> [Stored items]
========================================================================

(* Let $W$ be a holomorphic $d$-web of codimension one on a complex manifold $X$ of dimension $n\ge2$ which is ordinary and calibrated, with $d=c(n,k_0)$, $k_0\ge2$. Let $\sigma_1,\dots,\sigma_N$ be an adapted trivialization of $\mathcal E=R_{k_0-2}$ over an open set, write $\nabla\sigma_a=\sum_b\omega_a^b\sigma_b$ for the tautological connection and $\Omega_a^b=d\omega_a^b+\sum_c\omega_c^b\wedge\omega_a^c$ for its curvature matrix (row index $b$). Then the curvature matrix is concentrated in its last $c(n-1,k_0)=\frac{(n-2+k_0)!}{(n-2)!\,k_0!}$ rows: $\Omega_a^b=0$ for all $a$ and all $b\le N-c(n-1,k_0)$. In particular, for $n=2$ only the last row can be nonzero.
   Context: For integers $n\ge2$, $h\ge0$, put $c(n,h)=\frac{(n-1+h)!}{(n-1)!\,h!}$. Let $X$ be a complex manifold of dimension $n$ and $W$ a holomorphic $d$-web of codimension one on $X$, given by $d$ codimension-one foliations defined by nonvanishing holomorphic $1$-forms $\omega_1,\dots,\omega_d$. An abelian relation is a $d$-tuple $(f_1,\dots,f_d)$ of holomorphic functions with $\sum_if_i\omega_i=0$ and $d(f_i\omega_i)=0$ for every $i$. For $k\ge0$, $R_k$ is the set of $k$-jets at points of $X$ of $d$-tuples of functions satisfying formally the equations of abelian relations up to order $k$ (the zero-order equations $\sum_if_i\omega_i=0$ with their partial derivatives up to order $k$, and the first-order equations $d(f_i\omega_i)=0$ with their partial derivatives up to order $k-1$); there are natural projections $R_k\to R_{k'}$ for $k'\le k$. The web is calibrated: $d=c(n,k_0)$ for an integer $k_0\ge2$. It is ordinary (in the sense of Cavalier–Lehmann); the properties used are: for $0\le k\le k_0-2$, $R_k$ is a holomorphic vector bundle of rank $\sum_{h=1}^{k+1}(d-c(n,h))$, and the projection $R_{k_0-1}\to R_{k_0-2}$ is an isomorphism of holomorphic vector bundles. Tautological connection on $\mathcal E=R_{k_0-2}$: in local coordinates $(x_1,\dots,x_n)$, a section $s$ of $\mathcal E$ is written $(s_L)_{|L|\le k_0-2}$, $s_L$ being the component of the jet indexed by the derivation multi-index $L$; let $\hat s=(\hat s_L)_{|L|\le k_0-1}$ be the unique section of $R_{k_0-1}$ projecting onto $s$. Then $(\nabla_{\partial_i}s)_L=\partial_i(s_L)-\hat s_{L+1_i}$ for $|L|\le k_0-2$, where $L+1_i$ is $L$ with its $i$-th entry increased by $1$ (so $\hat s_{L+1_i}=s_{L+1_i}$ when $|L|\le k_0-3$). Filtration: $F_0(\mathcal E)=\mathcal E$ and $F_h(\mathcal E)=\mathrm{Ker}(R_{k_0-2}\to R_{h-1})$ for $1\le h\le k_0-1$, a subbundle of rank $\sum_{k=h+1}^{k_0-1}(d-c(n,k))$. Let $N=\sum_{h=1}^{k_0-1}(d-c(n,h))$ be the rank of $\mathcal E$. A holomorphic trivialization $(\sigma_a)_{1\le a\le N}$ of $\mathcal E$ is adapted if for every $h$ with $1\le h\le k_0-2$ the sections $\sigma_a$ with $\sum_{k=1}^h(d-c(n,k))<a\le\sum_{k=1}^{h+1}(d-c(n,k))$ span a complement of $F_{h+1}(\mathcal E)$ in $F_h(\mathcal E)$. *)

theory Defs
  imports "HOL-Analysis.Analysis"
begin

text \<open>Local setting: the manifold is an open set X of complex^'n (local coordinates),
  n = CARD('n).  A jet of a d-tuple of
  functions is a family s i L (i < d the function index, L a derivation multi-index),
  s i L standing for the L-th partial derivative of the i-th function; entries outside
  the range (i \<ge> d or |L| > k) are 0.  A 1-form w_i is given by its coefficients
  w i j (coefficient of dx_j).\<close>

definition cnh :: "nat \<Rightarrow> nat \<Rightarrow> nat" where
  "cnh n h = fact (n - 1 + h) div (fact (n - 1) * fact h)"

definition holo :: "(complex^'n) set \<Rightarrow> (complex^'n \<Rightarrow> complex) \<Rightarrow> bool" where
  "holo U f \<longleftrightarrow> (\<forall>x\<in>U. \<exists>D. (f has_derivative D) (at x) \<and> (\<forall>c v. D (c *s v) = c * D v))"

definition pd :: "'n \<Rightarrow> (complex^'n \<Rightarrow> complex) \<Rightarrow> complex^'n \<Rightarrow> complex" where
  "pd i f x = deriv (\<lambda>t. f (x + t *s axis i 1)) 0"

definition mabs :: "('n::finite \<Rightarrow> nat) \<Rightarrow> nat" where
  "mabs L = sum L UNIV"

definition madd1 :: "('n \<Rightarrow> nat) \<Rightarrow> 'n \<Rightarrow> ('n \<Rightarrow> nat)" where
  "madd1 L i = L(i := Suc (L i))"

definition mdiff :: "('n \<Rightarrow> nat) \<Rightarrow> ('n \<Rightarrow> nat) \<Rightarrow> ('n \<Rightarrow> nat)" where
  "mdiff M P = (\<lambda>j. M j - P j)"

========================================================================

> [Task goal]
Please report every line in the entries above that holds the string "mabs".

> [Answer section]
definition mabs :: "('n::finite \<Rightarrow> nat) \<Rightarrow> nat" where
  "mabs L = sum L UNIV"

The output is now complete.